═════ DATA SUPPLIED ═════

(* Let $L=L_1\oplus L_2$ be a finite-dimensional Lie algebra which is the direct sum of ideals $L_1,L_2$. Then: (i) if there exist Lie algebras $H_1,H_2$ with $H_1^2\cong L_1$ and $H_2^2\cong L_2$, then there is a Lie algebra $H$ with $H^2\cong L$; (ii) if there is a Lie algebra $H$ with $H^2\cong L$ and $Z(L_1)=0$, then there is a Lie algebra $K$ with $K^2\cong L_1$.
   Context: $H^2=[H,H]$ denotes the derived algebra; $Z(L_1)$ is the centre of $L_1$. *)

theory Defs
  imports Complex_Main "HOL-Library.Function_Algebras"
begin

definition lie_algebra ::
  "('k::field \<Rightarrow> 'v::ab_group_add \<Rightarrow> 'v) \<Rightarrow> 'v set \<Rightarrow> ('v \<Rightarrow> 'v \<Rightarrow> 'v) \<Rightarrow> bool" where
  "lie_algebra sc V br \<longleftrightarrow>
     vector_space sc \<and> module.subspace sc V \<and>
     (\<forall>x\<in>V. \<forall>y\<in>V. br x y \<in> V) \<and>
     (\<forall>x\<in>V. \<forall>y\<in>V. \<forall>z\<in>V. br (x + y) z = br x z + br y z \<and> br x (y + z) = br x y + br x z) \<and>
     (\<forall>c. \<forall>x\<in>V. \<forall>y\<in>V. br (sc c x) y = sc c (br x y) \<and> br x (sc c y) = sc c (br x y)) \<and>
     (\<forall>x\<in>V. br x x = 0) \<and>
     (\<forall>x\<in>V. \<forall>y\<in>V. \<forall>z\<in>V. br x (br y z) + br y (br z x) + br z (br x y) = 0)"

definition fd_lie_algebra ::
  "('k::field \<Rightarrow> 'v::ab_group_add \<Rightarrow> 'v) \<Rightarrow> 'v set \<Rightarrow> ('v \<Rightarrow> 'v \<Rightarrow> 'v) \<Rightarrow> bool" where
  "fd_lie_algebra sc V br \<longleftrightarrow>
     lie_algebra sc V br \<and> (\<exists>B. finite B \<and> B \<subseteq> V \<and> module.span sc B = V)"

definition derived ::
  "('k::field \<Rightarrow> 'v::ab_group_add \<Rightarrow> 'v) \<Rightarrow> 'v set \<Rightarrow> ('v \<Rightarrow> 'v \<Rightarrow> 'v) \<Rightarrow> 'v set" where
  "derived sc V br = module.span sc {br x y | x y. x \<in> V \<and> y \<in> V}"

definition lie_iso ::
  "('k::field \<Rightarrow> 'a::ab_group_add \<Rightarrow> 'a) \<Rightarrow> 'a set \<Rightarrow> ('a \<Rightarrow> 'a \<Rightarrow> 'a) \<Rightarrow>
   ('k \<Rightarrow> 'b::ab_group_add \<Rightarrow> 'b) \<Rightarrow> 'b set \<Rightarrow> ('b \<Rightarrow> 'b \<Rightarrow> 'b) \<Rightarrow> bool" where
  "lie_iso sc1 V1 br1 sc2 V2 br2 \<longleftrightarrow>
     (\<exists>f. bij_betw f V1 V2 \<and>
          (\<forall>x\<in>V1. \<forall>y\<in>V1. f (x + y) = f x + f y \<and> f (br1 x y) = br2 (f x) (f y)) \<and>
          (\<forall>c. \<forall>x\<in>V1. f (sc1 c x) = sc2 c (f x)))"

definition lie_ideal ::
  "('k::field \<Rightarrow> 'v::ab_group_add \<Rightarrow> 'v) \<Rightarrow> 'v set \<Rightarrow> ('v \<Rightarrow> 'v \<Rightarrow> 'v) \<Rightarrow> 'v set \<Rightarrow> bool" where
  "lie_ideal sc V br I \<longleftrightarrow>
     module.subspace sc I \<and> I \<subseteq> V \<and> (\<forall>x\<in>V. \<forall>y\<in>I. br x y \<in> I)"

definition lie_center :: "'v::ab_group_add set \<Rightarrow> ('v \<Rightarrow> 'v \<Rightarrow> 'v) \<Rightarrow> 'v set" where
  "lie_center V br = {z \<in> V. \<forall>x\<in>V. br z x = 0}"

text \<open>Universe for the Lie algebras asserted to exist: subspaces of k^(nat)
 (functions nat => 'k with pointwise operations). Every finite-dimensional
 Lie algebra over 'k is isomorphic to one of these.\<close>
definition seq_scale :: "'k::field \<Rightarrow> (nat \<Rightarrow> 'k) \<Rightarrow> (nat \<Rightarrow> 'k)" where
  "seq_scale c f = (\<lambda>i. c * f i)"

═════

> WHAT THE EXERCISE ASKS
Reproduce exactly the stretch of the material above that starts at the line with "(\<forall>x\<in>V. \<forall>y\<in>V. \<forall>z\<in>V. br x" and ends at the line with "(nat \<Rightarrow> 'k) \<Rightarrow>", both included, and nothing else.

> YOUR RESPONSE
     (\<forall>x\<in>V. \<forall>y\<in>V. \<forall>z\<in>V. br x (br y z) + br y (br z x) + br z (br x y) = 0)"

definition fd_lie_algebra ::
  "('k::field \<Rightarrow> 'v::ab_group_add \<Rightarrow> 'v) \<Rightarrow> 'v set \<Rightarrow> ('v \<Rightarrow> 'v \<Rightarrow> 'v) \<Rightarrow> bool" where
  "fd_lie_algebra sc V br \<longleftrightarrow>
     lie_algebra sc V br \<and> (\<exists>B. finite B \<and> B \<subseteq> V \<and> module.span sc B = V)"

definition derived ::
  "('k::field \<Rightarrow> 'v::ab_group_add \<Rightarrow> 'v) \<Rightarrow> 'v set \<Rightarrow> ('v \<Rightarrow> 'v \<Rightarrow> 'v) \<Rightarrow> 'v set" where
  "derived sc V br = module.span sc {br x y | x y. x \<in> V \<and> y \<in> V}"

definition lie_iso ::
  "('k::field \<Rightarrow> 'a::ab_group_add \<Rightarrow> 'a) \<Rightarrow> 'a set \<Rightarrow> ('a \<Rightarrow> 'a \<Rightarrow> 'a) \<Rightarrow>
   ('k \<Rightarrow> 'b::ab_group_add \<Rightarrow> 'b) \<Rightarrow> 'b set \<Rightarrow> ('b \<Rightarrow> 'b \<Rightarrow> 'b) \<Rightarrow> bool" where
  "lie_iso sc1 V1 br1 sc2 V2 br2 \<longleftrightarrow>
     (\<exists>f. bij_betw f V1 V2 \<and>
          (\<forall>x\<in>V1. \<forall>y\<in>V1. f (x + y) = f x + f y \<and> f (br1 x y) = br2 (f x) (f y)) \<and>
          (\<forall>c. \<forall>x\<in>V1. f (sc1 c x) = sc2 c (f x)))"

definition lie_ideal ::
  "('k::field \<Rightarrow> 'v::ab_group_add \<Rightarrow> 'v) \<Rightarrow> 'v set \<Rightarrow> ('v \<Rightarrow> 'v \<Rightarrow> 'v) \<Rightarrow> 'v set \<Rightarrow> bool" where
  "lie_ideal sc V br I \<longleftrightarrow>
     module.subspace sc I \<and> I \<subseteq> V \<and> (\<forall>x\<in>V. \<forall>y\<in>I. br x y \<in> I)"

definition lie_center :: "'v::ab_group_add set \<Rightarrow> ('v \<Rightarrow> 'v \<Rightarrow> 'v) \<Rightarrow> 'v set" where
  "lie_center V br = {z \<in> V. \<forall>x\<in>V. br z x = 0}"

text \<open>Universe for the Lie algebras asserted to exist: subspaces of k^(nat)
 (functions nat => 'k with pointwise operations). Every finite-dimensional
 Lie algebra over 'k is isomorphic to one of these.\<close>
definition seq_scale :: "'k::field \<Rightarrow> (nat \<Rightarrow> 'k) \<Rightarrow> (nat \<Rightarrow> 'k)" where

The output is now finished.